(What the task requires):
When you reply, transcribe every line of the data below exactly.

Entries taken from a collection
# # # # # # #

lemma (in comm_group) uncountable_cofinality_chain_stabilizes:
  fixes D :: "nat \<Rightarrow> 'a set"
  assumes UC: "uncountable_cofinality G" and D: "mono D" "\<And>n. subgroup (D n) G"
    and K: "subgroup K G" "K \<inter> (\<Union>j. D j) \<subseteq> D 0" "K <#> (\<Union>j. D j) = carrier G"
  obtains n where "\<And>j. D j \<subseteq> D n"
proof -
  define C where "C = (\<Union>j. D j)"
  have C: "subgroup C G"
    unfolding C_def by (rule subgroup_UN_mono[OF D])
  interpret H: exhausting_subgroup_chain G "\<lambda>n. K <#> D n"
  proof (intro exhausting_subgroup_chain.intro exhausting_subgroup_chain_axioms.intro is_group)
    show "subgroup (K <#> D n) G" for n
      by (rule mult_subgroups[OF K(1) D(2)])
    show "mono (\<lambda>n. K <#> D n)"
      using monoD[OF D(1)] by (simp add: monoI mono_set_mult)
    show "(\<Union>n. K <#> D n) = carrier G"
      unfolding K(3)[symmetric] set_mult_def by blast
  qed
  obtain n where n: "K <#> D n = carrier G"
    using H.exists_chain_eq_carrier[OF UC] by blast
  have "D j \<subseteq> D n" for j
  proof -
    have "D j \<subseteq> (K <#> D n) \<inter> C"
      unfolding n C_def using subgroup.subset[OF D(2)] by blast
    moreover have "D n \<subseteq> C"
      unfolding C_def by blast
    moreover have "K \<inter> C \<subseteq> D n"
      using K(2) monoD[OF D(1), of 0 n] unfolding C_def by auto
    ultimately show ?thesis
      using set_mult_Int_subgroup_subset[OF K(1) C D(2)] by blast
  qed
  then show thesis
    using that by blast
qed

lemma (in comm_group) uncountable_cofinality_chain_stabilizes_mod_prime:
  fixes D :: "nat \<Rightarrow> 'a set"
  assumes UC: "uncountable_cofinality G" and D: "mono D" "\<And>n. subgroup (D n) G"
    and p: "Factorial_Ring.prime (p::nat)" and pD: "\<And>a. a \<in> carrier G \<Longrightarrow> a [^] p \<in> D 0"
  obtains n where "\<And>j. D j \<subseteq> D n"
proof -
  define C where "C = (\<Union>j. D j)"
  have C: "subgroup C G"
    unfolding C_def by (rule subgroup_UN_mono[OF D])
  define E where "E = generate G ((\<lambda>a. a [^] p) ` carrier G)"
  have E: "subgroup E G"
    unfolding E_def by (rule generate_is_subgroup) auto
  have "E \<subseteq> D 0"
    unfolding E_def using pD by (intro generate_subgroup_incl[OF _ D(2)]) auto
  then have "E \<inter> C \<subseteq> D 0"
    by blast
  then obtain K where K: "subgroup K G" "E \<subseteq> K" "K \<inter> C \<subseteq> D 0"
    and K_compl: "\<And>a. a \<in> carrier G \<Longrightarrow> a \<in> K \<or> (\<exists>t::int. a [^] t \<in> (K <#> C) - K)"
    using exists_maximal_subgroup_Int_subset[OF C E] by blast
  have "a [^] p \<in> K" if "a \<in> carrier G" for a
    using K(2) generate.incl[of "a [^] p" "(\<lambda>a. a [^] p) ` carrier G" G] that
    unfolding E_def by blast
  then have "K <#> C = carrier G"
    by (rule set_mult_eq_carrier_of_prime_pow[OF K(1) C p _ K_compl])
  then show thesis
    using uncountable_cofinality_chain_stabilizes[OF UC D K(1)] K(3) that
    unfolding C_def by blast
qed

# # # # # # #

(Task solution):
lemma (in comm_group) uncountable_cofinality_chain_stabilizes:
  fixes D :: "nat \<Rightarrow> 'a set"
  assumes UC: "uncountable_cofinality G" and D: "mono D" "\<And>n. subgroup (D n) G"
    and K: "subgroup K G" "K \<inter> (\<Union>j. D j) \<subseteq> D 0" "K <#> (\<Union>j. D j) = carrier G"
  obtains n where "\<And>j. D j \<subseteq> D n"
proof -
  define C where "C = (\<Union>j. D j)"
  have C: "subgroup C G"
    unfolding C_def by (rule subgroup_UN_mono[OF D])
  interpret H: exhausting_subgroup_chain G "\<lambda>n. K <#> D n"
  proof (intro exhausting_subgroup_chain.intro exhausting_subgroup_chain_axioms.intro is_group)
    show "subgroup (K <#> D n) G" for n
      by (rule mult_subgroups[OF K(1) D(2)])
    show "mono (\<lambda>n. K <#> D n)"
      using monoD[OF D(1)] by (simp add: monoI mono_set_mult)
    show "(\<Union>n. K <#> D n) = carrier G"
      unfolding K(3)[symmetric] set_mult_def by blast
  qed
  obtain n where n: "K <#> D n = carrier G"
    using H.exists_chain_eq_carrier[OF UC] by blast
  have "D j \<subseteq> D n" for j
  proof -
    have "D j \<subseteq> (K <#> D n) \<inter> C"
      unfolding n C_def using subgroup.subset[OF D(2)] by blast
    moreover have "D n \<subseteq> C"
      unfolding C_def by blast
    moreover have "K \<inter> C \<subseteq> D n"
      using K(2) monoD[OF D(1), of 0 n] unfolding C_def by auto
    ultimately show ?thesis
      using set_mult_Int_subgroup_subset[OF K(1) C D(2)] by blast
  qed
  then show thesis
    using that by blast
qed

lemma (in comm_group) uncountable_cofinality_chain_stabilizes_mod_prime:
  fixes D :: "nat \<Rightarrow> 'a set"
  assumes UC: "uncountable_cofinality G" and D: "mono D" "\<And>n. subgroup (D n) G"
    and p: "Factorial_Ring.prime (p::nat)" and pD: "\<And>a. a \<in> carrier G \<Longrightarrow> a [^] p \<in> D 0"
  obtains n where "\<And>j. D j \<subseteq> D n"
proof -
  define C where "C = (\<Union>j. D j)"
  have C: "subgroup C G"
    unfolding C_def by (rule subgroup_UN_mono[OF D])
  define E where "E = generate G ((\<lambda>a. a [^] p) ` carrier G)"
  have E: "subgroup E G"
    unfolding E_def by (rule generate_is_subgroup) auto
  have "E \<subseteq> D 0"
    unfolding E_def using pD by (intro generate_subgroup_incl[OF _ D(2)]) auto
  then have "E \<inter> C \<subseteq> D 0"
    by blast
  then obtain K where K: "subgroup K G" "E \<subseteq> K" "K \<inter> C \<subseteq> D 0"
    and K_compl: "\<And>a. a \<in> carrier G \<Longrightarrow> a \<in> K \<or> (\<exists>t::int. a [^] t \<in> (K <#> C) - K)"
    using exists_maximal_subgroup_Int_subset[OF C E] by blast
  have "a [^] p \<in> K" if "a \<in> carrier G" for a
    using K(2) generate.incl[of "a [^] p" "(\<lambda>a. a [^] p) ` carrier G" G] that
    unfolding E_def by blast
  then have "K <#> C = carrier G"
    by (rule set_mult_eq_carrier_of_prime_pow[OF K(1) C p _ K_compl])
  then show thesis
    using uncountable_cofinality_chain_stabilizes[OF UC D K(1)] K(3) that
    unfolding C_def by blast
qed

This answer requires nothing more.